What does volunteering mean - at least to me?
by Dan Polyack, Volunteer
Funny thing that I fell right into this one like a turnip off of a truck…as Rafa tricked me by compliment into writing an essay for SAR, “Dan, you write so well. I loved your write-up about Whiskey (my foster dog, not the drink).”
“Really?” I replied as I pondered all the grammatical errors, etc. However, my ego got the best of me, “Oh, thank you, Rafa, my pleasure.”
“Dan, you should write something else to put on the website. Maybe something about your experience about fostering or volunteering,” she continued as she pulled from her purse that tin box we all know so well. She craftily hand rolled that cigarette quicker than she could ask, “Is that something you wouldn’t mind doing?” Click of a lighter, puff, puff…“It would be so wonderful, Dan.”…cloud of smoke.
An expletive and a quick Homer Simpson “Doh!” raced through my mind at the thought of being so gullible. Then I just had to laugh at the next thought that occurred to me “….aaaah, the French and their cigarettes...a marriage that will never end in divorce…”
The next morning I started to think about this little project. I thought to myself, why did Rafa ask me to write about volunteering? How does she know that I have done volunteer work in the past in youth activities for around 20 years; we’ve never spoken about it…Then I thought about all that experience, what volunteering means to me. The two words that came up were surrender and reward. Surrender? Yes, surrender. Then I told myself, “Oh, the folks at SAR will think I’m nuts. I better google ‘volunteer’.”
‘Define volunteer,’ I ask the great and almighty Google. Result – a person that performs voluntary work. ‘Define voluntary work,’ I ponder. The enigmatic result – work done voluntarily. ‘Define voluntarily,’ I posit next. Result – in a voluntary manner.
“Oh, your F*n kidding me, right?” I decide to go back to my two word definition – surrender and reward.
Why surrender? Well, for me, when I volunteer I have to surrender to the process. I can no longer be in control. I need to let my altruistic tendencies take over. I need to be selfless. During the process I put the object of my volunteering as a priority over my own desires. I surrender myself fully and embrace the experience. Usually, the surrender comes relatively easy to me. I let my desire to be altruistic exceed my own ego.
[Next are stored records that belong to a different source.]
lemma sum_bands_swap:
  fixes f g :: "nat \<Rightarrow> nat \<Rightarrow> 'a::comm_monoid_add"
  assumes "\<forall>i<N. f i 0 = 0 \<and> g i N = 0" and "0 < N \<Longrightarrow> f (N - 1) N = 0 \<and> g 0 0 = 0"
  shows "(\<Sum>i<N. (\<Sum>j=0..i+1. f i j) + (\<Sum>j=i..N. g i j))
       = (\<Sum>k=1..N-1. (\<Sum>i=k-1..N-1. f i k) + (\<Sum>i=0..k. g i k))"
proof -
  have "(\<Sum>j=0..i+1. f i j) = (\<Sum>j\<in>{j\<in>{1..N-1}. j \<le> i+1}. f i j)" if "i < N" for i
  proof (rule sum.mono_neutral_right)
    show "\<forall>j\<in>{0..i+1} - {j\<in>{1..N-1}. j \<le> i+1}. f i j = 0"
    proof
      fix j assume "j \<in> {0..i+1} - {j\<in>{1..N-1}. j \<le> i+1}"
      then have "j = 0 \<or> (j = N \<and> i = N - 1)" using that by auto
      then show "f i j = 0" using that assms by auto
    qed
  qed auto
  moreover have "(\<Sum>j=i..N. g i j) = (\<Sum>j\<in>{j\<in>{1..N-1}. i \<le> j}. g i j)" if "i < N" for i
  proof (rule sum.mono_neutral_right)
    show "\<forall>j\<in>{i..N} - {j\<in>{1..N-1}. i \<le> j}. g i j = 0"
    proof
      fix j assume "j \<in> {i..N} - {j\<in>{1..N-1}. i \<le> j}"
      then have "j = N \<or> (j = 0 \<and> i = 0)" using that by auto
      then show "g i j = 0" using that assms by auto
    qed
  qed auto
  ultimately have "(\<Sum>i<N. (\<Sum>j=0..i+1. f i j) + (\<Sum>j=i..N. g i j))
      = (\<Sum>i<N. \<Sum>j\<in>{j\<in>{1..N-1}. j \<le> i+1}. f i j) + (\<Sum>i<N. \<Sum>j\<in>{j\<in>{1..N-1}. i \<le> j}. g i j)"
    by (simp add: sum.distrib)
  also have "\<dots> = (\<Sum>k=1..N-1. \<Sum>i\<in>{i\<in>{..<N}. k \<le> i+1}. f i k)
                 + (\<Sum>k=1..N-1. \<Sum>i\<in>{i\<in>{..<N}. i \<le> k}. g i k)"
    by (simp only: sum.swap_restrict[of "{..<N}" "{1..N-1}"] finite_lessThan finite_atLeastAtMost)
  also have "\<dots> = (\<Sum>k=1..N-1. (\<Sum>i=k-1..N-1. f i k) + (\<Sum>i=0..k. g i k))"
  proof -
    have "{i\<in>{..<N}. k \<le> i+1} = {k-1..N-1}" and "{i\<in>{..<N}. i \<le> k} = {0..k}"
      if "k \<in> {1..N-1}" for k
      using that by auto
    then show ?thesis by (simp add: sum.distrib)
  qed
  finally show ?thesis .
qed

lemma stationary_iff_coefficients_vanish:
  fixes E :: "nat \<Rightarrow> 'a::zero \<Rightarrow> real" and \<Phi> :: "(nat \<Rightarrow> 'a) \<Rightarrow> real \<Rightarrow> real"
  assumes "finite K" and E0: "\<And>k. k \<in> K \<Longrightarrow> E k 0 = 0"
    and deriv: "\<And>\<eta>. P \<eta> \<Longrightarrow> (\<Phi> \<eta> has_real_derivative (\<Sum>k\<in>K. E k (\<eta> k))) (at 0)"
    and P_delta: "\<And>k v. k \<in> K \<Longrightarrow> P (\<lambda>j. if j = k then v else 0)"
  shows "(\<forall>\<eta>. P \<eta> \<longrightarrow> (\<Phi> \<eta> has_real_derivative 0) (at 0)) \<longleftrightarrow> (\<forall>k\<in>K. E k = (\<lambda>v. 0))"
proof
  assume stationary: "\<forall>\<eta>. P \<eta> \<longrightarrow> (\<Phi> \<eta> has_real_derivative 0) (at 0)"
  show "\<forall>k\<in>K. E k = (\<lambda>v. 0)"
  proof (intro ballI ext)
    fix k v assume "k \<in> K"
    define \<eta> :: "nat \<Rightarrow> 'a" where "\<eta> j = (if j = k then v else 0)" for j
    have "P \<eta>"
      unfolding \<eta>_def using P_delta \<open>k \<in> K\<close> .
    have "(\<Sum>j\<in>K. E j (\<eta> j)) = (\<Sum>j\<in>K. if j = k then E k v else 0)"
      by (rule sum.cong) (auto simp: \<eta>_def E0)
    also have "\<dots> = E k v"
      using \<open>finite K\<close> \<open>k \<in> K\<close> by simp
    finally have "(\<Phi> \<eta> has_real_derivative E k v) (at 0)"
      using deriv[OF \<open>P \<eta>\<close>] by simp
    then show "E k v = 0"
      using stationary \<open>P \<eta>\<close> DERIV_unique by blast
  qed
next
  assume "\<forall>k\<in>K. E k = (\<lambda>v. 0)"
  then show "\<forall>\<eta>. P \<eta> \<longrightarrow> (\<Phi> \<eta> has_real_derivative 0) (at 0)"
    using deriv by simp
qed

definition discrete_euler_lagrange ::
  "nat \<Rightarrow> (nat \<Rightarrow> (nat \<Rightarrow> 'a::real_normed_vector) \<Rightarrow> (nat \<Rightarrow> 'a) \<Rightarrow> real) \<Rightarrow>
   (nat \<Rightarrow> 'a) \<Rightarrow> (nat \<Rightarrow> 'a) \<Rightarrow> nat \<Rightarrow> 'a \<Rightarrow> real" where
  "discrete_euler_lagrange N L x y k =
     (\<lambda>v. (\<Sum>i=k-1..N-1. partial_x (L i) x y k v) + (\<Sum>i=0..k. partial_y (L i) x y k v))"

lemma band_partials_zero:
  fixes L :: "nat \<Rightarrow> (nat \<Rightarrow> 'a::real_normed_vector) \<Rightarrow> (nat \<Rightarrow> 'a) \<Rightarrow> real"
  assumes diff: "\<forall>k<N. diff_in_coords {0..k+1} {k..N} (L k)" and "i < N"
  shows "k \<le> i + 1 \<Longrightarrow> partial_x (L i) x y k 0 = 0"
    and "i \<le> k \<Longrightarrow> k \<le> N \<Longrightarrow> partial_y (L i) x y k 0 = 0"
  using diff_in_coords_partials_zero[of "{0..i+1}" "{i..N}" "L i"] diff \<open>i < N\<close> by auto

lemma discrete_euler_lagrange_zero:
  fixes L :: "nat \<Rightarrow> (nat \<Rightarrow> 'a::real_normed_vector) \<Rightarrow> (nat \<Rightarrow> 'a) \<Rightarrow> real"
  assumes "\<forall>k<N. diff_in_coords {0..k+1} {k..N} (L k)" and "k \<in> {1..N-1}"
  shows "discrete_euler_lagrange N L x y k 0 = 0"
  using assms unfolding discrete_euler_lagrange_def
  by (auto simp: band_partials_zero intro!: sum.neutral)

lemma discrete_action_variation:
  fixes L :: "nat \<Rightarrow> (nat \<Rightarrow> 'a::real_normed_vector) \<Rightarrow> (nat \<Rightarrow> 'a) \<Rightarrow> real"
  assumes dep: "\<forall>k<N. depends_only {0..k+1} {k..N} (L k)"
    and diff: "\<forall>k<N. diff_in_coords {0..k+1} {k..N} (L k)"
    and "\<eta> 0 = 0" "\<eta> N = 0"
  shows "((\<lambda>\<epsilon>. discrete_action N L (\<lambda>i. x i + \<epsilon> *\<^sub>R \<eta> i) (\<lambda>i. y i + \<epsilon> *\<^sub>R \<eta> i))
           has_real_derivative (\<Sum>k=1..N-1. discrete_euler_lagrange N L x y k (\<eta> k))) (at 0)"
proof -
  have "((\<lambda>\<epsilon>. discrete_action N L (\<lambda>i. x i + \<epsilon> *\<^sub>R \<eta> i) (\<lambda>i. y i + \<epsilon> *\<^sub>R \<eta> i))
      has_real_derivative (\<Sum>i<N. (\<Sum>j=0..i+1. partial_x (L i) x y j (\<eta> j))
                                + (\<Sum>j=i..N. partial_y (L i) x y j (\<eta> j)))) (at 0)"
    unfolding discrete_action_def
  proof (rule DERIV_sum)
    fix i assume "i \<in> {..<N}"
    then show "((\<lambda>\<epsilon>. L i (\<lambda>j. x j + \<epsilon> *\<^sub>R \<eta> j) (\<lambda>j. y j + \<epsilon> *\<^sub>R \<eta> j)) has_real_derivative
        (\<Sum>j=0..i+1. partial_x (L i) x y j (\<eta> j)) + (\<Sum>j=i..N. partial_y (L i) x y j (\<eta> j))) (at 0)"
      using dep diff by (intro diff_in_coords_has_real_derivative_line) auto
  qed
  also have "(\<Sum>i<N. (\<Sum>j=0..i+1. partial_x (L i) x y j (\<eta> j)) + (\<Sum>j=i..N. partial_y (L i) x y j (\<eta> j)))
      = (\<Sum>k=1..N-1. discrete_euler_lagrange N L x y k (\<eta> k))"
    unfolding discrete_euler_lagrange_def
    by (rule sum_bands_swap) (simp_all add: assms(3,4) band_partials_zero[OF diff])
  finally show ?thesis .
qed
lemma no_three_shear_eq:
  assumes "p \<in> P" "q \<in> P" "r \<in> P" "p \<noteq> q" "p \<noteq> r" "q \<noteq> r"
  shows "\<not> (shear \<sigma> t p = shear \<sigma> t q \<and> shear \<sigma> t p = shear \<sigma> t r)"
  using assms collinear3_if_shear_eq[of \<sigma> t p q r] sigma_nonzero general_pos_P
  unfolding general_pos_def by auto

text \<open>The limit of overlapping configurations: the strict inequality becomes weak, and the
  horizontal strip between the two apices, which an overlap forces to be empty of points,
  stays empty.\<close>

definition closed_config :: "real \<Rightarrow> pt \<Rightarrow> pt \<Rightarrow> pt \<Rightarrow> pt \<Rightarrow> bool" where
  "closed_config t p1 p2 p3 p4 \<longleftrightarrow> p1 \<in> P \<and> p2 \<in> P \<and> p3 \<in> P \<and> p4 \<in> P \<and>
     snd p1 < snd p2 \<and> snd p4 < snd p3 \<and> snd p1 < snd p3 \<and>
     (\<forall>p\<in>P. \<not> (snd p1 < snd p \<and> snd p < snd p3)) \<and>
     (\<forall>p\<in>P. snd p1 < snd p \<longrightarrow> shear \<sigma> t p \<le> shear \<sigma> t p2) \<and>
     (\<forall>p\<in>P. snd p < snd p3 \<longrightarrow> shear \<sigma> t p4 \<le> shear \<sigma> t p) \<and>
     shear \<sigma> t p2 \<le> shear \<sigma> t p4"

context
  fixes t p1 p2 p3 p4 assumes c: "closed_config t p1 p2 p3 p4"
begin

lemma closed_config_mem: "p1 \<in> P" "p2 \<in> P" "p3 \<in> P" "p4 \<in> P"
  using c unfolding closed_config_def by auto

lemma closed_config_snd: "snd p1 < snd p2" "snd p4 < snd p3" "snd p1 < snd p3"
  using c unfolding closed_config_def by auto

lemma closed_config_gap: "p \<in> P \<Longrightarrow> \<not> (snd p1 < snd p \<and> snd p < snd p3)"
  using c unfolding closed_config_def by auto

lemma closed_config_top: "p \<in> P \<Longrightarrow> snd p1 < snd p \<Longrightarrow> shear \<sigma> t p \<le> shear \<sigma> t p2"
  using c unfolding closed_config_def by auto

lemma closed_config_bottom: "p \<in> P \<Longrightarrow> snd p < snd p3 \<Longrightarrow> shear \<sigma> t p4 \<le> shear \<sigma> t p"
  using c unfolding closed_config_def by auto

lemma closed_config_le: "shear \<sigma> t p2 \<le> shear \<sigma> t p4"
  using c unfolding closed_config_def by auto

lemma closed_config_snd_le: "snd p3 \<le> snd p2" "snd p4 \<le> snd p1"
  using closed_config_gap[OF closed_config_mem(2)] closed_config_gap[OF closed_config_mem(4)]
    closed_config_snd by force+

end

lemma closed_config_if_overlap:
  assumes "overlap_at t p1 p2 p3 p4"
  shows "closed_config t p1 p2 p3 p4"
proof -
  have "\<not> (snd p1 < snd p \<and> snd p < snd p3)" if "p \<in> P" for p
    using assms that unfolding overlap_config_def by force
  then show ?thesis
    using assms unfolding overlap_config_def closed_config_def by auto
qed

lemma closed_config_if_eventually_overlap:
  assumes t: "0 < t" "t < pi" and nontriv: "at t within S \<noteq> bot"
    and ev: "eventually (\<lambda>s. overlap_at s p1 p2 p3 p4) (at t within S)"
  shows "closed_config t p1 p2 p3 p4"
proof -
  have le: "shear \<sigma> t p \<le> shear \<sigma> t q"
    if "eventually (\<lambda>s. shear \<sigma> s p \<le> shear \<sigma> s q) (at t within S)" for p q
    using tendsto_le[OF nontriv tendsto_shear[OF t] tendsto_shear[OF t] that] .
  obtain s0 where "overlap_at s0 p1 p2 p3 p4"
    using eventually_happens[OF ev] nontriv by blast
  then have "closed_config s0 p1 p2 p3 p4" by (rule closed_config_if_overlap)
  moreover have "shear \<sigma> t p \<le> shear \<sigma> t p2" if "p \<in> P" "snd p1 < snd p" for p
    using that by (intro le eventually_mono[OF ev]) (auto simp: overlap_config_def)
  moreover have "shear \<sigma> t p4 \<le> shear \<sigma> t p" if "p \<in> P" "snd p < snd p3" for p
    using that by (intro le eventually_mono[OF ev]) (auto simp: overlap_config_def)
  moreover have "shear \<sigma> t p2 \<le> shear \<sigma> t p4"
    by (intro le eventually_mono[OF ev]) (auto simp: overlap_config_def)
  ultimately show ?thesis
    unfolding closed_config_def by blast
qed
lemma sum_card_subsets_card_le:
  fixes f :: "nat \<Rightarrow> 'b :: comm_semiring_1"
  assumes "finite X"
  shows "(\<Sum>K | K \<subseteq> X \<and> card K \<le> d. f (card K)) = (\<Sum>k\<le>d. of_nat (card X choose k) * f k)"
proof -
  let ?U = "{K. K \<subseteq> X \<and> card K \<le> d}"
  have "finite ?U"
    using assms by (auto intro: finite_subset[of _ "Pow X"])
  then have "(\<Sum>K\<in>?U. f (card K)) = (\<Sum>k\<le>d. \<Sum>K | K \<in> ?U \<and> card K = k. f (card K))"
    by (intro sum.group[symmetric]) auto
  also have "\<dots> = (\<Sum>k\<le>d. of_nat (card X choose k) * f k)"
  proof (intro sum.cong refl)
    fix k assume "k \<in> {..d}"
    then have "{K. K \<in> ?U \<and> card K = k} = {K. K \<subseteq> X \<and> card K = k}"
      by auto
    then show "(\<Sum>K | K \<in> ?U \<and> card K = k. f (card K)) = of_nat (card X choose k) * f k"
      using n_subsets[OF assms, of k] by simp
  qed
  finally show ?thesis .
qed

lemma sum_Diff_le_pow2_card:
  fixes g :: "'a set \<Rightarrow> real"
  assumes "finite I" "finite X" "\<And>K. 0 \<le> g K"
  shows "(\<Sum>J | J \<subseteq> I \<union> X \<and> card J \<le> d. g (J - I))
           \<le> 2 ^ card I * (\<Sum>K | K \<subseteq> X \<and> card K \<le> d. g K)"
proof -
  let ?S = "{J. J \<subseteq> I \<union> X \<and> card J \<le> d}" and ?U = "{K. K \<subseteq> X \<and> card K \<le> d}"
  let ?split = "\<lambda>J. (J \<inter> I, J - I)"
  have "finite ?U"
    using assms by (auto intro: finite_subset[of _ "Pow X"])
  have "?split ` ?S \<subseteq> Pow I \<times> ?U"
  proof clarsimp
    fix J assume "J \<subseteq> I \<union> X" "card J \<le> d"
    moreover have "card (J - I) \<le> card J"
      using assms \<open>J \<subseteq> I \<union> X\<close> by (intro card_mono) (auto intro: finite_subset)
    ultimately show "J - I \<subseteq> X \<and> card (J - I) \<le> d"
      by auto
  qed
  have "(\<Sum>J\<in>?S. g (J - I)) = (\<Sum>y\<in>?split ` ?S. g (snd y))"
    by (subst sum.reindex) (auto simp: inj_on_def)
  also have "\<dots> \<le> (\<Sum>y\<in>Pow I \<times> ?U. g (snd y))"
    using assms \<open>finite ?U\<close> \<open>?split ` ?S \<subseteq> Pow I \<times> ?U\<close> by (intro sum_mono2) auto
  also have "\<dots> = 2 ^ card I * (\<Sum>K\<in>?U. g K)"
    using assms(1) by (simp add: sum.cartesian_product' card_Pow)
  finally show ?thesis .
qed

lemma sum_binomial_divide_power_le:
  assumes "N \<le> n" "1 \<le> d"
  shows "(\<Sum>k\<le>d. real (N choose k) / real n ^ max 1 k) \<le> (1 + real N) / n + (real d - 1)"
proof -
  have "real (N choose k) / real n ^ max 1 k \<le> 1" if "2 \<le> k" for k
  proof -
    have "N choose k \<le> N ^ k"
      by (cases "k \<le> N") (auto simp: binomial_le_pow binomial_eq_0)
    also have "\<dots> \<le> n ^ k"
      using assms(1) by (rule power_mono) simp
    finally show ?thesis
      using that assms(1)
      by (cases "n = 0") (auto simp: max_def field_simps binomial_eq_0 simp flip: of_nat_power)
  qed
  then have "(\<Sum>k\<in>{2..d}. real (N choose k) / real n ^ max 1 k) \<le> (\<Sum>k\<in>{2..d}. 1)"
    by (intro sum_mono) auto
  moreover have "{..d} = {0, 1} \<union> {2..d}"
    using assms(2) by auto
  ultimately show ?thesis
    using assms(2) by (simp add: sum.union_disjoint add_divide_distrib)
qed
(* Let $J\subseteq\mathbb{R}$ be an open interval and let $\gamma:J\to{\rm AdS}$ be a null curve satisfying the standing assumptions below, with bending $\kappa$ and spinor frame field $(F_+,F_-)$. Then the first column vectors $\eta_+$ of $F_+$ and $\eta_-$ of $F_-$ are star-shaped curves $J\to\dot{\mathbb{R}}^2$, parametrized by central affine arc length, with canonical central affine frame fields $F_+$ and $F_-$ and central affine curvatures $$\mathrm{k}_+=\kappa+1,\qquad \mathrm{k}_-=\kappa-1;$$ in particular $(\eta_+,\eta_-)$ is a pair of cousins. Conversely, let $(\eta_+,\eta_-)$ be a pair of cousins $J\to\dot{\mathbb{R}}^2$ with central affine curvatures $\mathrm{k}_\pm$ and canonical central affine frame fields $F_\pm=(\eta_\pm,\eta_\pm')$. Then $\gamma=F_+F_-^{-1}:J\to{\rm AdS}$ is a null curve, parametrized by proper time and without inflection points, with bending $\kappa=(\mathrm{k}_++\mathrm{k}_-)/2$ and with $(F_+,F_-)$ a spinor frame field along it.
   Context: Let $\mathbb{R}^{2,2}$ be the space of real $2\times2$ matrices with the quadratic form $q(X)=-\det X$ and its polarization $\langle\cdot,\cdot\rangle$ (signature $(2,2)$). The anti-de Sitter 3-space ${\rm AdS}$ is ${\rm SL}(2,\mathbb{R})\subset\mathbb{R}^{2,2}$ with the induced Lorentzian metric. A smooth immersed curve $\gamma:J\to{\rm AdS}$ is null if $\langle\gamma',\gamma'\rangle=0$. Standing assumptions on null curves: $\gamma$ is future-directed (i.e. $\det\begin{pmatrix}\langle U,\gamma\rangle&\langle U,\gamma'\rangle\\ \langle V,\gamma\rangle&\langle V,\gamma'\rangle\end{pmatrix}>0$ with $U=I_2$, $V=\begin{pmatrix}0&1\\-1&0\end{pmatrix}$), has no inflection points ($\gamma'\wedge\gamma''\neq0$), and is parametrized by proper time, i.e. $\langle\gamma'',\gamma''\rangle=4$. The bending is $\kappa=-\frac1{16}\langle\gamma''',\gamma'''\rangle$. Put $T=\gamma'/\sqrt2$, $N=\gamma''/2$, $B=\frac{1}{\sqrt2}\kappa\gamma'-\frac{1}{2\sqrt2}\gamma'''$ and let $P_1=\begin{pmatrix}1&0\\0&1\end{pmatrix}$, $P_2=\begin{pmatrix}0&\sqrt2\\0&0\end{pmatrix}$, $P_3=\begin{pmatrix}-1&0\\0&1\end{pmatrix}$, $P_4=\begin{pmatrix}0&0\\\sqrt2&0\end{pmatrix}$. It is further assumed (normalization on orientation) that there is a smooth map $(F_+,F_-):J\to{\rm SL}(2,\mathbb{R})\times{\rm SL}(2,\mathbb{R})$ with $\gamma=F_+F_-^{-1}$, $T=F_+P_2F_-^{-1}$, $N=F_+P_3F_-^{-1}$, $B=F_+P_4F_-^{-1}$; this is called a spinor frame field along $\gamma$ (unique up to overall sign). Star-shaped curves: $\dot{\mathbb{R}}^2=\mathbb{R}^2\setminus\{0\}$. A smooth curve $\eta:J\to\dot{\mathbb{R}}^2$ is star-shaped if $\det(\eta,\eta')\neq0$; it is parametrized by central affine arc length if $\det(\eta,\eta')=1$; its central affine curvature is $\mathrm{k}=-\det(\eta',\eta'')$ and its canonical central affine frame field is the ${\rm SL}(2,\mathbb{R})$-valued map $F=(\eta,\eta')$ (columns $\eta,\eta'$). A pair of star-shaped curves $(\eta,\bar\eta)$ parametrized by central affine arc length is a pair of cousins if their curvatures satisfy $(\mathrm{k}-\bar{\mathrm{k}})/2=1$. *)

theory Defs
  imports "HOL-Analysis.Analysis"
begin

type_synonym mat2 = "real^2^2"
type_synonym vec2 = "real^2"

definition mk2 :: "real \<Rightarrow> real \<Rightarrow> real \<Rightarrow> real \<Rightarrow> mat2" where
  "mk2 a b c d = (\<chi> i j. if i = 1 then (if j = 1 then a else b) else (if j = 1 then c else d))"

definition cols2 :: "vec2 \<Rightarrow> vec2 \<Rightarrow> mat2" where
  "cols2 u v = (\<chi> i j. if j = 1 then u $ i else v $ i)"

definition qf :: "mat2 \<Rightarrow> real" where
  "qf X = - det X"

definition ip :: "mat2 \<Rightarrow> mat2 \<Rightarrow> real" where
  "ip X Y = (qf (X + Y) - qf X - qf Y) / 2"

definition AdS :: "mat2 set" where
  "AdS = {X. det X = 1}"

fun nderiv :: "nat \<Rightarrow> (real \<Rightarrow> 'a::real_normed_vector) \<Rightarrow> real \<Rightarrow> 'a" where
  "nderiv 0 f = f"
| "nderiv (Suc n) f = (\<lambda>t. vector_derivative (nderiv n f) (at t))"
(* Let $\mu\in(0,1)$ and $\beta(a)=\frac{\mu}{1+a}$. Let $W(\tau,b)=C(\tau)(1-b)^{\mu-1}(1+e^{\tau}b)^{-\mu}$ for $\tau\ge0$, $b\in[0,1)$, with $C(\tau)>0$ such that $\int_0^1W(\tau,b)db=1$, let $\delta(\tau)=\frac{C'(\tau)}{C(\tau)^2}-\frac{\mu}{C(\tau)}$, $c(\tau)=e^{-\mu\tau}C(\tau)$, and $c_\infty=\lim_{\tau\to\infty}c(\tau)$ (which exists since $c$ is decreasing). Then for all $\tau\ge0$, $$-4e^{-(1-\mu)\tau}\le C(\tau)\delta(\tau)\le-\frac{c_\infty}{1+e^{-\tau}}e^{-(1-\mu)\tau}\le0.$$ *)

theory Defs
  imports "HOL-Analysis.Analysis"
begin

definition Wdens :: "real \<Rightarrow> real \<Rightarrow> real \<Rightarrow> real" where
  "Wdens \<mu> \<tau> b = (1 - b) powr (\<mu> - 1) * (1 + exp \<tau> * b) powr (- \<mu>)"

definition Cn :: "real \<Rightarrow> real \<Rightarrow> real" where
  "Cn \<mu> \<tau> = 1 / integral {0..1} (Wdens \<mu> \<tau>)"

definition W :: "real \<Rightarrow> real \<Rightarrow> real \<Rightarrow> real" where
  "W \<mu> \<tau> b = Cn \<mu> \<tau> * Wdens \<mu> \<tau> b"

definition delta :: "real \<Rightarrow> real \<Rightarrow> real" where
  "delta \<mu> \<tau> = deriv (Cn \<mu>) \<tau> / (Cn \<mu> \<tau>)\<^sup>2 - \<mu> / Cn \<mu> \<tau>"

definition csmall :: "real \<Rightarrow> real \<Rightarrow> real" where
  "csmall \<mu> \<tau> = exp (- \<mu> * \<tau>) * Cn \<mu> \<tau>"

definition cinf :: "real \<Rightarrow> real" where
  "cinf \<mu> = Lim at_top (csmall \<mu>)"

end

theory Submission
  imports Defs
begin

text \<open>
  The substitution u = (1 - b)^\<mu> turns the normalising integral into
  J(\<tau>) = \<integral> B(\<tau>,u)^(-\<mu>) du over [0,1], with B(\<tau>,u) = 1 + e^\<tau> (1 - u^(1/\<mu>)), so C = \<mu> / J.
  Since dB/d\<tau> = B - 1, differentiating under the integral gives J' = \<mu> (\<integral> B^(-\<mu>-1) du - J),
  and d/du (u B^(-\<mu>)) = (1 + e^\<tau>) B^(-\<mu>-1) evaluates \<integral> B^(-\<mu>-1) du = 1 / (1 + e^\<tau>).
  Hence \<delta> = -1 / (1 + e^\<tau>) exactly and C \<delta> = -C / (1 + e^\<tau>). The lower bound follows from
  B \<le> 1 + e^\<tau>, i.e. C \<le> \<mu> (1 + e^\<tau>)^\<mu>; the upper bound from c(\<infinity>) \<le> c(\<tau>), as c decreases:
  e^(\<mu>\<tau>) B^(-\<mu>) = (e^(-\<tau>) + 1 - u^(1/\<mu>))^(-\<mu>) increases with \<tau>.
\<close>

definition subst_base :: "real \<Rightarrow> real \<Rightarrow> real \<Rightarrow> real" where
  "subst_base \<mu> \<tau> u = 1 + exp \<tau> * (1 - u powr (1 / \<mu>))"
…and then comes the reward. Oh, it can be so very great! Even when the reward seems insignificant, it can be so very great. And some of the best rewards are the ones kept secret, that bring a smile to your face when the memory fleetingly crosses your mind all those years later. The memory of the joy you have given to someone in that one brief moment will be the reward that keeps bringing joy back to you and puts a smile on your face.
In the same spirit of the Native American tradition of the “give –away”, give away yourself, volunteer. If you surrender fully, you will be rewarded in smiles and ‘thank you’s.
To all the folks at SAR that never gave up on Whiskey (the dog, not quite sure about the Jack Daniel’s), “Thank you!”….and should you be talking with Rafa sometime in the future and you hear her use the word “asinine”, feel free to blame me.
I was telling her a story about my neighbors, and the word asinine kept coming up.
“Dan, is that really a word?” Rafa asks so seriously, a wisp of smoke escaping her lips. Her eyes become more intense as she looks at me through the lenses of her rhinestone studded, black framed glasses.
“Yes,” I reply. And then a strange thing happens, I think for some reason that perhaps I am not sitting on my patio telling stories, but in a café on the Champs Elysees. I wonder, ‘Does this happen to anyone else when they’re with Rafa?’
“What does it mean?” An eyebrow rises in sequence with a plume of that thick tobacco smoke.
“That you are being stupid, more or less, or…quite frankly, an ass.” I inform her.
“Oh, I love it! That’s a good one!” She chuckles. “I should write it down. How do you spell that?”
In the best tradition, and to fully capture the intended meaning of the word, I tell her, “Ass-o-nine.”